Excerpts from a dataset:
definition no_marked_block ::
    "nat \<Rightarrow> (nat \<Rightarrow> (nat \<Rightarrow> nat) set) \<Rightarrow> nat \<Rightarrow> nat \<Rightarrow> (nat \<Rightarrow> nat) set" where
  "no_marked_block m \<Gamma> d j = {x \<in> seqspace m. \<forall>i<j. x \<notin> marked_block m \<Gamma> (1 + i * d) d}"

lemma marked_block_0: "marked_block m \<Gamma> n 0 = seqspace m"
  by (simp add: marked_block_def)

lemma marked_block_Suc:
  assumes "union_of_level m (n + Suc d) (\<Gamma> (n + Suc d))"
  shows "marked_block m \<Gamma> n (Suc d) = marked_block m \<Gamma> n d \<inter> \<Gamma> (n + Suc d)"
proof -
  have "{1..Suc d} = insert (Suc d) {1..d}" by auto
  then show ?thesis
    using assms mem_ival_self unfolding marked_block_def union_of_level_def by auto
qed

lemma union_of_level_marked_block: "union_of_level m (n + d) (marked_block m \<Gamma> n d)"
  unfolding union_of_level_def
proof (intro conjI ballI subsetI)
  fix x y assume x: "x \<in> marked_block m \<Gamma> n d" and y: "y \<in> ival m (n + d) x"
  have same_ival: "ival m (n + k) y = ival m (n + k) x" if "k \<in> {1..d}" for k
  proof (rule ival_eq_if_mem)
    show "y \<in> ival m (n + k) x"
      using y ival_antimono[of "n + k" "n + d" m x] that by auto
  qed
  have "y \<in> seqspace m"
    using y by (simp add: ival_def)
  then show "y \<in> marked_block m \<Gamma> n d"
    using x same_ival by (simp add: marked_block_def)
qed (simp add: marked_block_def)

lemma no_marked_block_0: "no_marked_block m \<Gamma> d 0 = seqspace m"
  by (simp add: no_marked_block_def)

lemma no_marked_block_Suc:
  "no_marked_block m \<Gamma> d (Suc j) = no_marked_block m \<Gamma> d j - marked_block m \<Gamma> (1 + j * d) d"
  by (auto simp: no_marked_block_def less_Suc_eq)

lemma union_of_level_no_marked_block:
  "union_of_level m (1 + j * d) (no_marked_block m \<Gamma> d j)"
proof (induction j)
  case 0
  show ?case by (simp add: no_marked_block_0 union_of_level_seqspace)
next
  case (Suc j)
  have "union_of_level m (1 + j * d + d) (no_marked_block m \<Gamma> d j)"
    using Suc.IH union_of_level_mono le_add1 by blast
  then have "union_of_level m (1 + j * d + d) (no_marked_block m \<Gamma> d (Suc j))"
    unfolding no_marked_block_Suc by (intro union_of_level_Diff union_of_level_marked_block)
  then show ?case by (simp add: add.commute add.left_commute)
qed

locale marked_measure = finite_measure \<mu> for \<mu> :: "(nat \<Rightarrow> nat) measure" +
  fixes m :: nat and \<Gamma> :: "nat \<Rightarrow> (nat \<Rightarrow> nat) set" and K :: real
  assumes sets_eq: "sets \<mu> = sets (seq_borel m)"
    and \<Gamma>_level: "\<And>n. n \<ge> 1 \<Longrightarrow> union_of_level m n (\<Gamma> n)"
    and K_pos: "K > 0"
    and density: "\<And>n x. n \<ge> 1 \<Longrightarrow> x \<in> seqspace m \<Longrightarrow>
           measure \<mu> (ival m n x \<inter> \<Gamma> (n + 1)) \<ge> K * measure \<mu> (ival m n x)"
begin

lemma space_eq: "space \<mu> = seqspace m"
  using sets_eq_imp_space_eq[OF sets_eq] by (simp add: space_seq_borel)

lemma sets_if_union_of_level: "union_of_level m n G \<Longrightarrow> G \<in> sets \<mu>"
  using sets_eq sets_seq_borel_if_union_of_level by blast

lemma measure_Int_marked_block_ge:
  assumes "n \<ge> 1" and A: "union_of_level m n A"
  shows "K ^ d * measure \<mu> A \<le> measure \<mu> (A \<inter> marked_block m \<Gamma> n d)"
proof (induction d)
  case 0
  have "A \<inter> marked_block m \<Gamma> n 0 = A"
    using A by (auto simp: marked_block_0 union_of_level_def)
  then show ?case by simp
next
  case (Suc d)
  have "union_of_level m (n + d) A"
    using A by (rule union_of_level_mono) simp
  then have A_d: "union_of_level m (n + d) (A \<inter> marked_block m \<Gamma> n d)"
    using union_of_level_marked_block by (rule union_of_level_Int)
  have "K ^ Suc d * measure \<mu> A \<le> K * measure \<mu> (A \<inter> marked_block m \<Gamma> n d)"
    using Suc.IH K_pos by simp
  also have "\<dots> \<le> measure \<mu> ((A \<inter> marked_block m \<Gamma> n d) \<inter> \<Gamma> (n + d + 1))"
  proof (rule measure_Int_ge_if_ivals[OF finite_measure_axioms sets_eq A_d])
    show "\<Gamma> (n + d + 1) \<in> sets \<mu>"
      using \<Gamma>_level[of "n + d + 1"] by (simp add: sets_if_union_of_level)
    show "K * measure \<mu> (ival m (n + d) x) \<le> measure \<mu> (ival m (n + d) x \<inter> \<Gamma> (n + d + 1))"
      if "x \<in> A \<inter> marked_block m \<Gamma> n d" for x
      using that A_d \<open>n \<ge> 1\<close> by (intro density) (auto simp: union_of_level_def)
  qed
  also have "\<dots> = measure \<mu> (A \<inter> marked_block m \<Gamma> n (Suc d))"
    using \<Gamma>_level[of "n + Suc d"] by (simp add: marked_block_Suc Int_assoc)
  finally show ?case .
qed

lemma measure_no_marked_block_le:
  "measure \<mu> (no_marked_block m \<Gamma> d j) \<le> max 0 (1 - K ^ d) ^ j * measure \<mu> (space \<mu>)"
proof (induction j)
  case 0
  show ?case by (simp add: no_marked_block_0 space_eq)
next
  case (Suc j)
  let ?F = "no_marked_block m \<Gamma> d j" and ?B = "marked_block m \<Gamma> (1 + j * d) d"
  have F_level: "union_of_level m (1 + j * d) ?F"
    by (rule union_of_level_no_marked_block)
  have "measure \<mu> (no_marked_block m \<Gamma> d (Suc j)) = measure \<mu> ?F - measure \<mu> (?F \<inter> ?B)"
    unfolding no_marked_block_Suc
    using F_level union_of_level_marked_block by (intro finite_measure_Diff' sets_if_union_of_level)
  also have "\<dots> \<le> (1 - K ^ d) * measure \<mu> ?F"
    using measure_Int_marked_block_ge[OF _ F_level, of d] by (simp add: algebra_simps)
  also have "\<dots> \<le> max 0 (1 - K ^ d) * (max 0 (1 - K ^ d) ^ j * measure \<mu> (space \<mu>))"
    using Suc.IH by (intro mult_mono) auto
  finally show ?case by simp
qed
...
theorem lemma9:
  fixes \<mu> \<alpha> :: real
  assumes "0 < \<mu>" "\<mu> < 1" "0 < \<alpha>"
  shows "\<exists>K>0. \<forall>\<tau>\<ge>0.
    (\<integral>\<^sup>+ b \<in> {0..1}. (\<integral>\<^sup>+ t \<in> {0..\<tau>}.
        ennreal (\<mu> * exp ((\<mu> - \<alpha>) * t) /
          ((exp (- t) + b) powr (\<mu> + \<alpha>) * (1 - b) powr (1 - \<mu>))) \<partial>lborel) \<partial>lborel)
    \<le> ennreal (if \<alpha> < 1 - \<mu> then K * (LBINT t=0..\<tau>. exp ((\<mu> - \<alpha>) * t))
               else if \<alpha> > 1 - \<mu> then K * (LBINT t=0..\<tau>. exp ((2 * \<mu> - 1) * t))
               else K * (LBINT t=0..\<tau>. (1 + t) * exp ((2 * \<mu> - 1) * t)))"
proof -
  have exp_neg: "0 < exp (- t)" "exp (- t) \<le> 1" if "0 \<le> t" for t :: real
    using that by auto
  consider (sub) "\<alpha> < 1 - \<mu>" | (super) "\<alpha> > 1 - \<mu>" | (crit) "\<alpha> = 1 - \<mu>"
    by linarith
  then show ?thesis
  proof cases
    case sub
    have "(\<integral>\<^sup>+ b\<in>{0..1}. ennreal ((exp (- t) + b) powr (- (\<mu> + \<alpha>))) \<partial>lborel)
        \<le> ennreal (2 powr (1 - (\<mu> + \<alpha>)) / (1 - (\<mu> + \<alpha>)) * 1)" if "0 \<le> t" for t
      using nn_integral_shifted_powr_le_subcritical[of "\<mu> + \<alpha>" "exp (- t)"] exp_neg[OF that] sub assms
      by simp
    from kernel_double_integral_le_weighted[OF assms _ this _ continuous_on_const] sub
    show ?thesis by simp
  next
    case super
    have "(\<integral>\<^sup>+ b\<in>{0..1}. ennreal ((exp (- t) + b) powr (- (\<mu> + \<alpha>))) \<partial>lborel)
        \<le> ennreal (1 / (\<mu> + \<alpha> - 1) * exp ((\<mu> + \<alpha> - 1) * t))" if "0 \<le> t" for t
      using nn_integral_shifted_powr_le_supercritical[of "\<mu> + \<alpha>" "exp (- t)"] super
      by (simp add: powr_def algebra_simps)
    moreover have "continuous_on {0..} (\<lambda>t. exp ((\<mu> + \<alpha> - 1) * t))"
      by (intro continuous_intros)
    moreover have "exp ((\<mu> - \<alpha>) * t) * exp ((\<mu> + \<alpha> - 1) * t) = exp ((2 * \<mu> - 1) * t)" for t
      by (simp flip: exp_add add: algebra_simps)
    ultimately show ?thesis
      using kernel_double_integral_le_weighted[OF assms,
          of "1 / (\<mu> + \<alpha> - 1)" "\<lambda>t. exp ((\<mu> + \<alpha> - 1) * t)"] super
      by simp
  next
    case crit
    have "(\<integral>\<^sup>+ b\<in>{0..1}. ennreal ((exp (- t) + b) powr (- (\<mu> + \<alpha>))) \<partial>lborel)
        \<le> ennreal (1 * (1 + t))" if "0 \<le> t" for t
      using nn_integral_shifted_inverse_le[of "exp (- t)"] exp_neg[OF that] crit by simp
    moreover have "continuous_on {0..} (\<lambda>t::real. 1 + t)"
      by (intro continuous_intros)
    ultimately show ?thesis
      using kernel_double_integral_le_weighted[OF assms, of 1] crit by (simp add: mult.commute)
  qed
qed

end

**What the task requires:**
Every line in the data above that contains "proof" needs to be copied.

**Expected answer:**
proof -
proof (intro conjI ballI subsetI)
  proof (rule ival_eq_if_mem)
proof (induction j)
proof (induction d)
  proof (rule measure_Int_ge_if_ivals[OF finite_measure_axioms sets_eq A_d])
proof (induction j)
proof -
  proof cases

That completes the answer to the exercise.